# Space marine story longish



## cerrakoth (Nov 7, 2007)

feel free to add constructive critism I only spent around 20mins on this so all advice welcome=]





‘The world of Eustis Majorus was one of relatively no importance for many, many a century. It’s capital Petropolis, a dirty, polluted and overcrowded city was originally a huge psychic resonator designed by the infamous heretical architect Theodor Cadizky with precisely nine hundred and ninety-nine temples, the central one of which, called the Old Sacristy, being in the exact centre of the hive, with all of the others, the axial temples, forming lines from the Old Sacristy that give the entire hive an overall mathematical symmetry. But this had long since mattered and all memory of this had been cast aside. But civil war has claimed the system and chaos is suspect as the temples have reportedly been slowly filling with the bodies of the dead and unfortunately the Imperial defences have been overwhelmed leaving us no option but to intervene as the Heretics are winning and uprisings are beginning all over the planet.’ Said the grim voice of Alexander Ibohamas the captain of the first company & unusually for space marine chapters head of the chapter as well to the gathered company masters. The man stood at least half a foot taller than the rest of the company masters & indeed the rest of the chapter. Croith awoke from his daydreams as the commander boomed. ’Is that understood?’ To be answered by a chorus of yes sirs.
His mission was simple lead the 2nd company up the east slope to the master temple, whilst the 1st 3rd and 4th took the north, west and south paths respectively.
He shrugged his shoulders this was easy, as far as he could see this was a job for the Imperial guard not the Astartes. As he exited the meeting room a finger tapped him on his shoulder, her turned round to see a chin, he looked up into the face of commander Ibohamas.
‘ A word Croith’ He said in a no nonsense way.
‘Of course commander’
‘It was not a request’ The commander said gruffly. ‘ I will speak to you first then Astira & Cay. I will be gifting you & your brother company masters with a squad of terminators & a suit of terminator armour each.’
Croith raised an eyebrow. ‘ Something bugging you Croith?’ Barked Ibohamas
‘Well sir I was wondering why we would need such protection, you said it yourself this is simply a group of heretics nothing we should even bother with.’
‘I don’t want this filtering through to the troops Croith.’ Croith nodded ‘but there are ruinous powers in Petropolis most likely Khorne and we should expect to be fighting Traitor marines.’
Croith’s eye twitched.
‘I see, is that all commander?’ Ibohamas nodded and made the sign of the Aquila, Croith returned the favour. This is going to hurt he thought as he turned his heel and walked to the armoury.

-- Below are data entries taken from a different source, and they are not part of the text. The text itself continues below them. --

(* Let $P,Q\in\mathbb{H}[q_1,q_2]$ and $a,b\in\mathbb{H}$. (1) If $P=(q_1-a)*P_1$ and $Q=(q_1-a)*Q_1$ for some $P_1,Q_1\in\mathbb{H}[q_1,q_2]$, then ${\rm Res}(P,Q;q_1)\equiv0$. (2) If $P=(q_2-b)*P_2$ and $Q=(q_2-b)*Q_2$ for some $P_2,Q_2\in\mathbb{H}[q_1,q_2]$, then ${\rm Res}(P,Q;q_2)\equiv0$.
   Context: $\mathbb{H}$ denotes the quaternions. A slice regular polynomial in two quaternionic variables is a function $\mathbb{H}^2\to\mathbb{H}$ of the form $P(q_1,q_2)=\sum_{n=0}^{N}\sum_{m=0}^{M}q_1^nq_2^ma_{n,m}$ with $a_{n,m}\in\mathbb{H}$ (coefficients on the right); $\deg_{q_1}P$, $\deg_{q_2}P$ are the degrees in $q_1$, $q_2$. The set of these is $\mathbb{H}[q_1,q_2]$, and $\mathbb{H}[q]$ denotes the analogous one-variable polynomials $\sum q^na_n$. The $*$-product is defined by $\big(\sum q_1^nq_2^ma_{n,m}\big)*\big(\sum q_1^nq_2^mb_{n,m}\big)=\sum_{n,m}q_1^nq_2^m\sum_{r\le n,s\le m}a_{r,s}b_{n-r,m-s}$ (and analogously in one variable); $(\mathbb{H}[q],+,* )$ is a left and right Ore domain and we let $\mathcal{L}$ be its skew field of quotients. Every $P\in\mathbb{H}[q_1,q_2]$ can be written as $P=\sum_{k=0}^{n}q_1^kP_k(q_2)$ with $P_k\in\mathbb{H}[q_2]$, and as $P=\sum_{k=0}^{r}q_2^k*\tilde P_k(q_1)$ with $\tilde P_k\in\mathbb{H}[q_1]$. Dieudonné determinant: for a skew field $(\mathbb F,+,\star)$, let $\overline{\mathbb F}^\star$ be the abelianization of its multiplicative group; ${\rm Det}^\star_N$ is the unique homomorphism $GL(N,\mathbb F)\to\overline{\mathbb F}^\star$ sending ${\rm diag}(\lambda_1,\dots,\lambda_N)$ to the class of $\lambda_1\star\cdots\star\lambda_N$, extended by the value $[0]$ on non-invertible matrices. Here ${\rm Det}^*_N$ is this determinant over $\mathcal L$; for a matrix with entries in $\mathbb{H}[q]$ its value has a slice regular polynomial representative, unique up to commutators, with which it is identified. Regular resultants: let $P=\sum_{k=0}^nq_1^kP_k(q_2)$, $Q=\sum_{k=0}^mq_1^kQ_k(q_2)$. The Sylvester matrix $A(q_2)$ is the $(n+m)\times(n+m)$ matrix whose $j$-th column ($1\le j\le m$) has entries $P_0,\dots,P_n$ in rows $j,\dots,j+n$ and zeros elsewhere, and whose $(m+j)$-th column ($1\le j\le n$) has entries $Q_0,\dots,Q_m$ in rows $j,\dots,j+m$ and zeros elsewhere; ${\rm Res}(P,Q;q_1):={\rm Det}^*_{n+m}(A(q_2))$. Likewise, with $P=\sum_{k=0}^rq_2^k*\tilde P_k(q_1)$, $Q=\sum_{k=0}^sq_2^k*\tilde Q_k(q_1)$, $B(q_1)$ is the $(r+s)\times(r+s)$ matrix built in the same way from $\tilde P_0,\dots,\tilde P_r$ (first $s$ columns) and $\tilde Q_0,\dots,\tilde Q_s$ (last $r$ columns), and ${\rm Res}(P,Q;q_2):={\rm Det}^*_{r+s}(B(q_1))$. "${\rm Res}\equiv0$" means it is the zero polynomial (zero class). *)

theory Defs
  imports Complex_Main
begin

datatype quat = Quat (re: real) (im1: real) (im2: real) (im3: real)

instantiation quat :: ring_1
begin
definition "0 = Quat 0 0 0 0"
definition "1 = Quat 1 0 0 0"
definition "x + y = Quat (re x + re y) (im1 x + im1 y) (im2 x + im2 y) (im3 x + im3 y)"
definition "- x = Quat (- re x) (- im1 x) (- im2 x) (- im3 x)"
definition "x - y = Quat (re x - re y) (im1 x - im1 y) (im2 x - im2 y) (im3 x - im3 y)"
definition "x * y = Quat
   (re x * re y - im1 x * im1 y - im2 x * im2 y - im3 x * im3 y)
   (re x * im1 y + im1 x * re y + im2 x * im3 y - im3 x * im2 y)
   (re x * im2 y - im1 x * im3 y + im2 x * re y + im3 x * im1 y)
   (re x * im3 y + im1 x * im2 y - im2 x * im1 y + im3 x * re y)"
instance
  by standard (simp_all add: zero_quat_def one_quat_def plus_quat_def uminus_quat_def
      minus_quat_def times_quat_def algebra_simps quat.expand)
end

text \<open>One variable: coefficient function n |-> a_n of sum q^n a_n, finitely supported.\<close>
type_synonym qpoly = "nat \<Rightarrow> quat"

definition qpoly1 :: "qpoly \<Rightarrow> bool" where
  "qpoly1 p \<longleftrightarrow> finite {n. p n \<noteq> 0}"

definition one1 :: qpoly where "one1 = (\<lambda>n. if n = 0 then 1 else 0)"

definition star1 :: "qpoly \<Rightarrow> qpoly \<Rightarrow> qpoly" where
  "star1 p r = (\<lambda>n. \<Sum>k\<le>n. p k * r (n - k))"

text \<open>Two variables: (n,m) |-> a_{n,m} of sum q1^n q2^m a_{n,m}, finitely supported.\<close>
type_synonym qpoly2 = "nat \<Rightarrow> nat \<Rightarrow> quat"

definition qpoly2 :: "qpoly2 \<Rightarrow> bool" where
  "qpoly2 P \<longleftrightarrow> finite {(n, m). P n m \<noteq> 0}"

definition star2 :: "qpoly2 \<Rightarrow> qpoly2 \<Rightarrow> qpoly2" where
  "star2 P R = (\<lambda>n m. \<Sum>r\<le>n. \<Sum>s\<le>m. P r s * R (n - r) (m - s))"

definition q1_minus :: "quat \<Rightarrow> qpoly2" where
  "q1_minus a = (\<lambda>n m. if n = 0 \<and> m = 0 then - a else if n = 1 \<and> m = 0 then 1 else 0)"

definition q2_minus :: "quat \<Rightarrow> qpoly2" where
  "q2_minus b = (\<lambda>n m. if n = 0 \<and> m = 0 then - b else if n = 0 \<and> m = 1 then 1 else 0)"

definition deg_q1 :: "qpoly2 \<Rightarrow> nat" where
  "deg_q1 P = Max (insert 0 {n. \<exists>m. P n m \<noteq> 0})"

‘Terminator armour is surprisingly nimble & weightless for its size, I wonder how they do it?’ He asked his captain who was walking beside him.
‘No Idea sir.’ Said captain Beikoth.
‘Well it does a superb job anyway. Devastator squad beta?’ said Croith aiming his question into the vox.
‘Yes sir, waiting on your call.’ Came the reply. Croith heard a tremendous boom.
‘That’s commander Ibohamas, blow the doors!’ moments later his command was fulfilled and a las cannon shot blew straight through the armoured door.
‘Croith! New orders advance straight to the top levels temples have been destroyed already probably by the heretics!’ boomed the voice of Ibohamas into Croith speakers.
‘Ok new order advance straight to upper levels, SHOW NO MERCY MY ANGELS!’ and with an almighty roar the Space marines surged forwards. Into the breach.

Fighting had been brutal and bloody, with no losses reported for the marines as yet. The terminators had taken the ‘main road’, their bulk stopping all from fleeing, their assault cannon hadn’t failed and no traitor had ever reached them, as they slowly plodded up the road. Strangely the other squads had suffered no resistance and so all the advances were going up the four main roads to the very top of Petropolis. Suddenly a massive flash of red shot out of the top of the now visible main temple and howls echoed all around, as all the heretics suddenly stopped dead and screamed before glowing the same eerie red before turning to dust.
‘ What the F**k was that?’ breathed Croith.
‘Continue to the top, something’s not right’ spoke Ibohamas.

The marines continued up the slopes of the now ghost city before rendezvousing at the steps before the main temple. Ibohamas took the first step onto the steps oh the temple to be greeted by a beastly growl and a cheer of
’BLOOD FOR THE BLOOD GOD!’ as a bloodthirster burst out of the mouth of the temple followed by a swarm of Khornate berserkers. Without a moments hesitation the marines opened fire. The first company marched to the gates to try and hold the seemingly numberless tide of fallen marines as the company masters started to try and fell the mighty abomination. Croith ducked below the swinging axe before unleashing the full power of his storm bolter into the demons skull apparently to no effect as the demon tore Brother Cays head off. With a howl of anguish Commander Ibohamas lopped the deamons head off with a swing of his mighty axe.
Meanwhile the 1st had made good progress and had advanced 100m into the main hall of the temple. But non could of prepared them for what was to come.


----------



## ArcAngels (Sep 19, 2007)

cool, cant wait til the second part


----------



## Ordo Xeno Commander (Jan 17, 2007)

thats good, althought the grammar in some places need work. all round good story though.


----------



## cerrakoth (Nov 7, 2007)

blaim Word for the grammar in some parts lol Its set to American so automatically corrects and tbh I cant be arsed to change it but yeah I'll edit it if If I get time


----------